* [TASK BRIEF]: If a line in the listing below includes the word "from", pick it out.
========================================================================
(* For any graphs $G$ and $H$, $A_1(G\,\square\, H)\cong A_1(G)\times A_1(H)$, where $G\,\square\,H$ is the Cartesian product graph.
   Context: All graphs are connected, simple and locally finite. The Cartesian product $G\,\square\,H$ has vertex set $V(G)\times V(H)$, with $(g,h)\sim(g',h')$ iff ($g=g'$ and $h\sim h'$) or ($h=h'$ and $g\sim g'$). $A_1$ is the discrete fundamental group: for base vertex $v_0$, elements are classes of graph maps $f:\mathbb{Z}\to G$ ($\mathbb{Z}$ the path graph on the integers) with $f(i)=v_0$ for $|i|\ge r_f$ ($r_f$ minimal), modulo based homotopy (a graph map $h:\mathbb{Z}\,\square\, I_m\to G$, $I_m$ the path on $\{0,\dots,m\}$, with $h(\cdot,0)=f$, $h(\cdot,m)=g$, each $h(\cdot,j)$ based); product by concatenation $p(i)=f(i+r_f)$ for $i\le0$, $p(i)=g(i-r_g)$ for $i\ge0$. *)

theory Defs
  imports "HOL-Algebra.Group"
begin

definition simple_graph :: "'a set \<Rightarrow> ('a \<Rightarrow> 'a \<Rightarrow> bool) \<Rightarrow> bool" where
  "simple_graph V E \<longleftrightarrow>
     (\<forall>x y. E x y \<longrightarrow> x \<in> V \<and> y \<in> V) \<and>
     (\<forall>x. \<not> E x x) \<and>
     (\<forall>x y. E x y \<longrightarrow> E y x)"

definition connected_graph :: "'a set \<Rightarrow> ('a \<Rightarrow> 'a \<Rightarrow> bool) \<Rightarrow> bool" where
  "connected_graph V E \<longleftrightarrow> V \<noteq> {} \<and> (\<forall>x\<in>V. \<forall>y\<in>V. E\<^sup>*\<^sup>* x y)"

definition locally_finite :: "'a set \<Rightarrow> ('a \<Rightarrow> 'a \<Rightarrow> bool) \<Rightarrow> bool" where
  "locally_finite V E \<longleftrightarrow> (\<forall>x\<in>V. finite {y. E x y})"

definition graph :: "'a set \<Rightarrow> ('a \<Rightarrow> 'a \<Rightarrow> bool) \<Rightarrow> bool" where
  "graph V E \<longleftrightarrow> simple_graph V E \<and> connected_graph V E \<and> locally_finite V E"

definition cart_V :: "'a set \<Rightarrow> 'b set \<Rightarrow> ('a \<times> 'b) set" where
  "cart_V V W = V \<times> W"

definition cart_E :: "('a \<Rightarrow> 'a \<Rightarrow> bool) \<Rightarrow> ('b \<Rightarrow> 'b \<Rightarrow> bool)
    \<Rightarrow> ('a \<times> 'b) \<Rightarrow> ('a \<times> 'b) \<Rightarrow> bool" where
  "cart_E E F = (\<lambda>(g,h) (g',h'). (g = g' \<and> F h h') \<or> (h = h' \<and> E g g'))"

text \<open>Graph maps send adjacent vertices to adjacent or equal vertices.
  A based loop is a graph map from the integer path graph that equals the
  base vertex outside a finite window.\<close>

definition adj_or_eq :: "('a \<Rightarrow> 'a \<Rightarrow> bool) \<Rightarrow> 'a \<Rightarrow> 'a \<Rightarrow> bool" where
  "adj_or_eq E x y \<longleftrightarrow> x = y \<or> E x y"

definition based_loop :: "'a set \<Rightarrow> ('a \<Rightarrow> 'a \<Rightarrow> bool) \<Rightarrow> 'a \<Rightarrow> (int \<Rightarrow> 'a) \<Rightarrow> bool" where
  "based_loop V E v0 f \<longleftrightarrow>
     (\<forall>i. f i \<in> V) \<and>
     (\<forall>i. adj_or_eq E (f i) (f (i + 1))) \<and>
     (\<exists>r::nat. \<forall>i. \<bar>i\<bar> \<ge> int r \<longrightarrow> f i = v0)"

definition loop_radius :: "'a \<Rightarrow> (int \<Rightarrow> 'a) \<Rightarrow> nat" where
  "loop_radius v0 f = (LEAST r::nat. \<forall>i. \<bar>i\<bar> \<ge> int r \<longrightarrow> f i = v0)"

text \<open>Based homotopy: a graph map from the product of the integer path
  with the path I_m on {0..m}, each row being a based loop.\<close>

definition based_homotopic :: "'a set \<Rightarrow> ('a \<Rightarrow> 'a \<Rightarrow> bool) \<Rightarrow> 'a
    \<Rightarrow> (int \<Rightarrow> 'a) \<Rightarrow> (int \<Rightarrow> 'a) \<Rightarrow> bool" where
  "based_homotopic V E v0 f g \<longleftrightarrow>
     (\<exists>(m::nat) (h :: int \<Rightarrow> nat \<Rightarrow> 'a).
        (\<forall>i. h i 0 = f i) \<and> (\<forall>i. h i m = g i) \<and>
        (\<forall>j\<le>m. based_loop V E v0 (\<lambda>i. h i j)) \<and>
        (\<forall>i. \<forall>j<m. adj_or_eq E (h i j) (h i (Suc j))))"

definition loop_concat :: "'a \<Rightarrow> (int \<Rightarrow> 'a) \<Rightarrow> (int \<Rightarrow> 'a) \<Rightarrow> (int \<Rightarrow> 'a)" where
  "loop_concat v0 f g =
     (\<lambda>i. if i \<le> 0 then f (i + int (loop_radius v0 f))
          else g (i - int (loop_radius v0 g)))"

definition loop_class :: "'a set \<Rightarrow> ('a \<Rightarrow> 'a \<Rightarrow> bool) \<Rightarrow> 'a
    \<Rightarrow> (int \<Rightarrow> 'a) \<Rightarrow> (int \<Rightarrow> 'a) set" where
  "loop_class V E v0 f = {g. based_loop V E v0 g \<and> based_homotopic V E v0 f g}"

definition A1 :: "'a set \<Rightarrow> ('a \<Rightarrow> 'a \<Rightarrow> bool) \<Rightarrow> 'a \<Rightarrow> (int \<Rightarrow> 'a) set monoid" where
  "A1 V E v0 =
     \<lparr> carrier = loop_class V E v0 ` {f. based_loop V E v0 f},
       mult = (\<lambda>X Y. loop_class V E v0
                 (loop_concat v0 (SOME f. f \<in> X) (SOME g. g \<in> Y))),
       one = loop_class V E v0 (\<lambda>_. v0) \<rparr>"

end

theory Submission
  imports Defs
begin

text \<open>A based loop in \<open>G \<box> H\<close> projects to based loops in \<open>G\<close> and \<open>H\<close>, and the projections are
  graph maps, so they induce a homomorphism \<open>A\<^sub>1(G \<box> H) \<rightarrow> A\<^sub>1(G) \<times> A\<^sub>1(H)\<close>.
  Conversely, two loops \<open>a\<close> and \<open>b\<close> supported in \<open>[-R, R]\<close> combine to the loop
  \<open>i \<mapsto> (a (i + 2R), b i)\<close> in the product: only one coordinate moves at a time.
  This gives surjectivity. For injectivity, every loop \<open>\<gamma>\<close> of the product is homotopic to this
  combination of its own projections, by sliding the first coordinate away one step at a time;
  homotopies of the projections then act on the two separated coordinates independently.\<close>

section \<open>Based loops and their homotopies\<close>

lemma adj_or_eq_refl [simp]: "adj_or_eq E x x"
  by (simp add: adj_or_eq_def)

lemma adj_or_eq_sym: "symp E \<Longrightarrow> adj_or_eq E x y \<Longrightarrow> adj_or_eq E y x"
  unfolding adj_or_eq_def by (auto dest: sympD)

definition based_beyond :: "'a \<Rightarrow> nat \<Rightarrow> (int \<Rightarrow> 'a) \<Rightarrow> bool" where
  "based_beyond v0 R f \<longleftrightarrow> (\<forall>i. int R \<le> \<bar>i\<bar> \<longrightarrow> f i = v0)"

lemma based_beyond_mono: "based_beyond v0 R f \<Longrightarrow> R \<le> S \<Longrightarrow> based_beyond v0 S f"
  unfolding based_beyond_def by force

lemma based_beyond_comp: "based_beyond v0 R f \<Longrightarrow> based_beyond (\<phi> v0) R (\<phi> \<circ> f)"
  unfolding based_beyond_def by simp

lemma based_loop_iff:
  "based_loop V E v0 f \<longleftrightarrow>
     (\<forall>i. f i \<in> V) \<and> (\<forall>i. adj_or_eq E (f i) (f (i + 1))) \<and> (\<exists>R. based_beyond v0 R f)"
  unfolding based_loop_def based_beyond_def ..

lemma based_loopI:
  "(\<And>i. f i \<in> V) \<Longrightarrow> (\<And>i. adj_or_eq E (f i) (f (i + 1))) \<Longrightarrow> based_beyond v0 R f
    \<Longrightarrow> based_loop V E v0 f"
  unfolding based_loop_iff by blast

lemma based_loop_vertex: "based_loop V E v0 f \<Longrightarrow> f i \<in> V"
  unfolding based_loop_def by blast

lemma based_loop_adj: "based_loop V E v0 f \<Longrightarrow> adj_or_eq E (f i) (f (i + 1))"
  unfolding based_loop_def by blast

lemma based_beyond_loop_radius:
  assumes "based_loop V E v0 f"
  shows "based_beyond v0 (loop_radius v0 f) f"
proof -
  from assms obtain R where "based_beyond v0 R f"
    by (auto simp: based_loop_iff)
  then show ?thesis
    unfolding based_beyond_def loop_radius_def by (rule LeastI)
qed

lemma eventually_based_beyond:
  assumes "based_loop V E v0 f"
  shows "\<forall>\<^sub>F R in sequentially. based_beyond v0 R f"
  unfolding eventually_sequentially
  using based_beyond_mono[OF based_beyond_loop_radius[OF assms]] by blast

lemma based_homotopicI:
  assumes "H 0 = f" and "H m = g"
    and "\<And>j. j \<le> m \<Longrightarrow> based_loop V E v0 (H j)"
    and "\<And>i j. j < m \<Longrightarrow> adj_or_eq E (H j i) (H (Suc j) i)"
  shows "based_homotopic V E v0 f g"
  unfolding based_homotopic_def
  by (rule exI[of _ m], rule exI[of _ "\<lambda>i j. H j i"]) (use assms in auto)

lemma based_homotopicE:
  assumes "based_homotopic V E v0 f g"
  obtains H m R where "H 0 = f" and "\<And>j. m \<le> j \<Longrightarrow> H j = g"
    and "\<And>j. based_loop V E v0 (H j)" and "\<And>j. based_beyond v0 R (H j)"
    and "\<And>i j. adj_or_eq E (H j i) (H (Suc j) i)"
proof -
  obtain m h where h0: "\<forall>i. h i 0 = f i" and hm: "\<forall>i. h i m = g i"
    and rows: "\<forall>j\<le>m. based_loop V E v0 (\<lambda>i. h i j)"
    and adj: "\<forall>i. \<forall>j<m. adj_or_eq E (h i j) (h i (Suc j))"
    using assms unfolding based_homotopic_def by blast
  define H where "H j = (\<lambda>i. h i (min j m))" for j
  define R where "R = (\<Sum>j\<le>m. loop_radius v0 (H j))"
  have H0: "H 0 = f"
    using h0 by (auto simp: H_def)
  have Hm: "H j = g" if "m \<le> j" for j
    using hm that by (auto simp: H_def)
  have loops: "based_loop V E v0 (H j)" for j
    using rows by (simp add: H_def)
  have beyond: "based_beyond v0 R (H j)" for j
  proof -
    have "loop_radius v0 (H (min j m)) \<le> R"
      unfolding R_def by (rule member_le_sum) auto
    moreover have "H (min j m) = H j"
      by (simp add: H_def)
    ultimately show ?thesis
      using based_beyond_mono[OF based_beyond_loop_radius[OF loops[of "min j m"]]] by simp
  qed
  have adj': "adj_or_eq E (H j i) (H (Suc j) i)" for i j
    using adj by (cases "j < m") (auto simp: H_def)
  show ?thesis
    by (rule that[of H m R, OF H0 Hm loops beyond adj'])
qed

lemma based_homotopic_refl: "based_loop V E v0 f \<Longrightarrow> based_homotopic V E v0 f f"
  by (rule based_homotopicI[where H = "\<lambda>_. f" and m = 0]) auto

lemma based_homotopic_sym:
  assumes "symp E" and "based_homotopic V E v0 f g"
  shows "based_homotopic V E v0 g f"
proof -
  obtain H m R where H: "H 0 = f" "\<And>j. m \<le> j \<Longrightarrow> H j = g" "\<And>j. based_loop V E v0 (H j)"
    "\<And>j. based_beyond v0 R (H j)" and adj: "\<And>i j. adj_or_eq E (H j i) (H (Suc j) i)"
    using assms(2) by (rule based_homotopicE) blast
  show ?thesis
  proof (rule based_homotopicI[where H = "\<lambda>j. H (m - j)" and m = m])
    fix i j assume "j < m"
    then have "Suc (m - Suc j) = m - j"
      by simp
    then show "adj_or_eq E (H (m - j) i) (H (m - Suc j) i)"
      using adj_or_eq_sym[OF assms(1) adj[of "m - Suc j" i]] by simp
  qed (simp_all add: H(1,2,3))
qed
========================================================================
* [TASK RESULT]:
  A based loop is a graph map from the integer path graph that equals the
text \<open>Based homotopy: a graph map from the product of the integer path
  from assms obtain R where "based_beyond v0 R f"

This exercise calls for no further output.